Ttest_1sampResult(statistic=array([ 9.75897278]), pvalue=array([  2.54311520e-21]))

In [295]:
stats.ttest_1samp(a=population_months,
               popmean=spec_avg.loc['Data Analytics', 'Average time'])

Ttest_1sampResult(statistic=array([ 14.31086114]), pvalue=array([  1.76052055e-41]))

In [296]:
stats.ttest_1samp(a=population_months,
               popmean=spec_avg.loc['Foundations of Software', 'Average time'])

Ttest_1sampResult(statistic=array([-16.25181787]), pvalue=array([  1.83863912e-51]))

In [297]:
stats.ttest_1samp(a=population_months,
               popmean=spec_avg.loc['Information Security - SP', 'Average time'])
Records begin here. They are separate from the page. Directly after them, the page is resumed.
lemma smooth_profile:
  fixes \<Phi> t :: "real \<Rightarrow> real"
  assumes d: "CARD('n::finite) \<ge> 2" and shells: "0 < \<alpha>" "\<alpha> < a'" "a' \<le> b'" "b' < \<beta>"
    and Phi_int: "set_integrable lebesgue (shell \<alpha> \<beta>) (\<lambda>x::real^'n. \<Phi> (norm x))"
    and t_meas: "t \<in> borel_measurable lebesgue"
    and T_meas: "(\<lambda>x::real^'n. t (x \<bullet> x)) \<in> borel_measurable lebesgue"
    and t_bounds: "\<And>s. 0 \<le> t s \<and> t s \<le> M" and t_support: "\<And>s. s \<notin> {a'..b'} \<Longrightarrow> t s = 0"
    and energy: "(\<integral>x. indicator (shell \<alpha> \<beta>) x * \<Phi> (norm (x::real^'n)) * ((t (x \<bullet> x))\<^sup>2 * (x \<bullet> x)) \<partial>lebesgue)
       \<le> (\<integral>x. radial_weight CARD('n) (norm (x::real^'n)) * t (x \<bullet> x) \<partial>lebesgue)"
    and m_pos: "0 < (\<integral>x. radial_weight CARD('n) (norm (x::real^'n)) * t (x \<bullet> x) \<partial>lebesgue)"
  obtains \<psi> where "smooth_real \<psi>" "\<And>s. 0 \<le> \<psi> s" "\<And>s. s \<le> \<alpha> \<Longrightarrow> \<psi> s = 0" "\<And>s. \<beta> \<le> s \<Longrightarrow> \<psi> s = 0"
    "(\<integral>x. radial_weight CARD('n) (norm (x::real^'n)) * t (x \<bullet> x) \<partial>lebesgue) / 2
       < (\<integral>x. radial_weight CARD('n) (norm (x::real^'n)) * \<psi> (x \<bullet> x) \<partial>lebesgue)"
    "(\<integral>x. indicator (shell \<alpha> \<beta>) x * \<Phi> (norm (x::real^'n)) * ((\<psi> (x \<bullet> x))\<^sup>2 * (x \<bullet> x)) \<partial>lebesgue)
       < 2 * (\<integral>x. radial_weight CARD('n) (norm (x::real^'n)) * t (x \<bullet> x) \<partial>lebesgue)"
proof -
  define A where "A = (shell \<alpha> \<beta> :: (real^'n) set)"
  define W where "W = (\<lambda>x::real^'n. radial_weight CARD('n) (norm x))"
  define m where "m = (\<integral>x. W x * t (x \<bullet> x) \<partial>lebesgue)"
  obtain \<psi> :: "nat \<Rightarrow> real \<Rightarrow> real" where \<psi>_smooth: "\<And>k. smooth_real (\<psi> k)"
    and \<psi>_nonneg: "\<And>k s. 0 \<le> \<psi> k s"
    and \<psi>_below: "\<And>k s. s \<le> \<alpha> \<Longrightarrow> \<psi> k s = 0" and \<psi>_above: "\<And>k s. \<beta> \<le> s \<Longrightarrow> \<psi> k s = 0"
    and lim1: "(\<lambda>k. \<integral>x. radial_weight CARD('n) (norm (x::real^'n)) * \<psi> k (x \<bullet> x) \<partial>lebesgue)
       \<longlonglongrightarrow> (\<integral>x. radial_weight CARD('n) (norm (x::real^'n)) * t (x \<bullet> x) \<partial>lebesgue)"
    and lim2: "(\<lambda>k. \<integral>x. indicator (shell \<alpha> \<beta>) x * \<Phi> (norm (x::real^'n)) * ((\<psi> k (x \<bullet> x))\<^sup>2 * (x \<bullet> x)) \<partial>lebesgue)
       \<longlonglongrightarrow> (\<integral>x. indicator (shell \<alpha> \<beta>) x * \<Phi> (norm (x::real^'n)) * ((t (x \<bullet> x))\<^sup>2 * (x \<bullet> x)) \<partial>lebesgue)"
    using smooth_profiles_tendsto[OF d shells Phi_int t_meas T_meas t_bounds t_support] by blast
  have lim1: "(\<lambda>k. \<integral>x. W x * \<psi> k (x \<bullet> x) \<partial>lebesgue) \<longlonglongrightarrow> m"
    using lim1 by (simp add: W_def m_def)
  note lim2 = lim2[folded A_def]
  have m_pos': "0 < m" using m_pos by (simp add: m_def W_def)
  have "eventually (\<lambda>k. m / 2 < (\<integral>x. W x * \<psi> k (x \<bullet> x) \<partial>lebesgue)) sequentially"
    by (rule order_tendstoD(1)[OF lim1]) (use m_pos' in simp)
  moreover have "eventually (\<lambda>k. (\<integral>x. indicator A x * \<Phi> (norm x) * ((\<psi> k (x \<bullet> x))\<^sup>2 * (x \<bullet> x)) \<partial>lebesgue)
      < 2 * m) sequentially"
    by (rule order_tendstoD(2)[OF lim2]) (use energy m_pos' in \<open>simp add: A_def m_def W_def\<close>)
  ultimately have "eventually (\<lambda>k. m / 2 < (\<integral>x. W x * \<psi> k (x \<bullet> x) \<partial>lebesgue) \<and>
      (\<integral>x. indicator A x * \<Phi> (norm x) * ((\<psi> k (x \<bullet> x))\<^sup>2 * (x \<bullet> x)) \<partial>lebesgue) < 2 * m)
      sequentially"
    by (rule eventually_conj)
  then obtain k where "m / 2 < (\<integral>x. W x * \<psi> k (x \<bullet> x) \<partial>lebesgue)"
    "(\<integral>x. indicator A x * \<Phi> (norm x) * ((\<psi> k (x \<bullet> x))\<^sup>2 * (x \<bullet> x)) \<partial>lebesgue) < 2 * m"
    unfolding eventually_sequentially by blast
  then show ?thesis
    using that[OF \<psi>_smooth[of k]] \<psi>_nonneg \<psi>_below \<psi>_above unfolding m_def W_def A_def by blast
qed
Ttest_1sampResult(statistic=array([-5.84750161]), pvalue=array([  7.29779673e-09]))

In [298]:
stats.ttest_1samp(a=population_months,
               popmean=spec_avg.loc['Internet Information Systems', 'Average time'])
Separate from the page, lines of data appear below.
(* Let $L$ be the lattice of IHS manifolds of a given deformation type, $M$ a lattice of signature $(1,t)$ with a primitive embedding $j\colon M\hookrightarrow L$, and $N=j(M)^\perp$. If $\mathrm{Mo}^2(L)\supset\tilde{SO}^+(L)$, then $\Gamma_{M,j}$ is an arithmetic subgroup of $O(N)$.
   Context: $\mathrm{Mo}^2(L)=\phi\,\mathrm{Mo}^2(X)\,\phi^{-1}\subset O(L)$ is the monodromy group of the IHS manifolds transported to $L$ by a marking $\phi$. $\mathrm{Mo}^2(M,j)=\{g\in\mathrm{Mo}^2(L):g|_{j(M)}=\mathrm{id}\}$ and $\Gamma_{M,j}\subset O(N)$ is its image under restriction to $N$. For a lattice $\Lambda$ with discriminant group $A_\Lambda=\Lambda^*/\Lambda$: $\tilde O^+(\Lambda)=\{g\in O(\Lambda): g|_{A_\Lambda}=\mathrm{id}$, real spinor norm of $g$ equal to $1\}$, where the real spinor norm of $g=\rho_{v_1}\cdots\rho_{v_m}$ (reflections, $v_i\in\Lambda_{\mathbb R}$) is $\prod(-v_i^2/2)$ modulo squares; $\tilde{SO}^+(\Lambda)=\{g\in\tilde O^+(\Lambda):\det g=1\}$. *)

theory Defs
  imports "HOL-Analysis.Analysis" "HOL-Algebra.Coset"
begin

definition bform :: "'a::comm_ring_1^'n^'n \<Rightarrow> 'a^'n \<Rightarrow> 'a^'n \<Rightarrow> 'a" where
  "bform B x y = (\<Sum>i\<in>UNIV. \<Sum>k\<in>UNIV. x$i * B$i$k * y$k)"

definition ivec :: "int^'n \<Rightarrow> 'a::ring_1^'n" where
  "ivec v = (\<chi> i. of_int (v$i))"

definition imat :: "int^'n^'m \<Rightarrow> 'a::ring_1^'n^'m" where
  "imat A = (\<chi> i k. of_int (A$i$k))"

definition symmetric_gram :: "'a^'n^'n \<Rightarrow> bool" where
  "symmetric_gram B \<longleftrightarrow> transpose B = B"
Ttest_1sampResult(statistic=array([ 9.75897278]), pvalue=array([  2.54311520e-21]))

In [299]:
stats.ttest_1samp(a=population_months,
               popmean=spec_avg.loc['Internet computing', 'Average time'])

Ttest_1sampResult(statistic=array([-11.54386476]), pvalue=array([  1.34006809e-28]))

In [300]:
stats.ttest_1samp(a=population_months,
               popmean=spec_avg.loc['Service science', 'Average time'])

Ttest_1sampResult(statistic=array([-12.09009136]), pvalue=array([  5.34384068e-31]))

In [301]:
stats.ttest_1samp(a=population_months,
               popmean=spec_avg.loc['Signals, Images and Interfaces', 'Average time'])

Ttest_1sampResult(statistic=array([-17.5523574]), pvalue=array([  1.69195354e-58]))

In [302]:
stats.ttest_1samp(a=population_months,
               popmean=spec_avg.loc['Software Systems', 'Average time'])

Ttest_1sampResult(statistic=array([-3.09341789]), pvalue=array([ 0.00204822]))

The p-value for Software Systems is the highest of all p-values, which means it's the specialization with the most significant difference. Although, since this value is very small, it makes very little difference to consider the specialization when it comes to the average time spent at EPFL as a master student.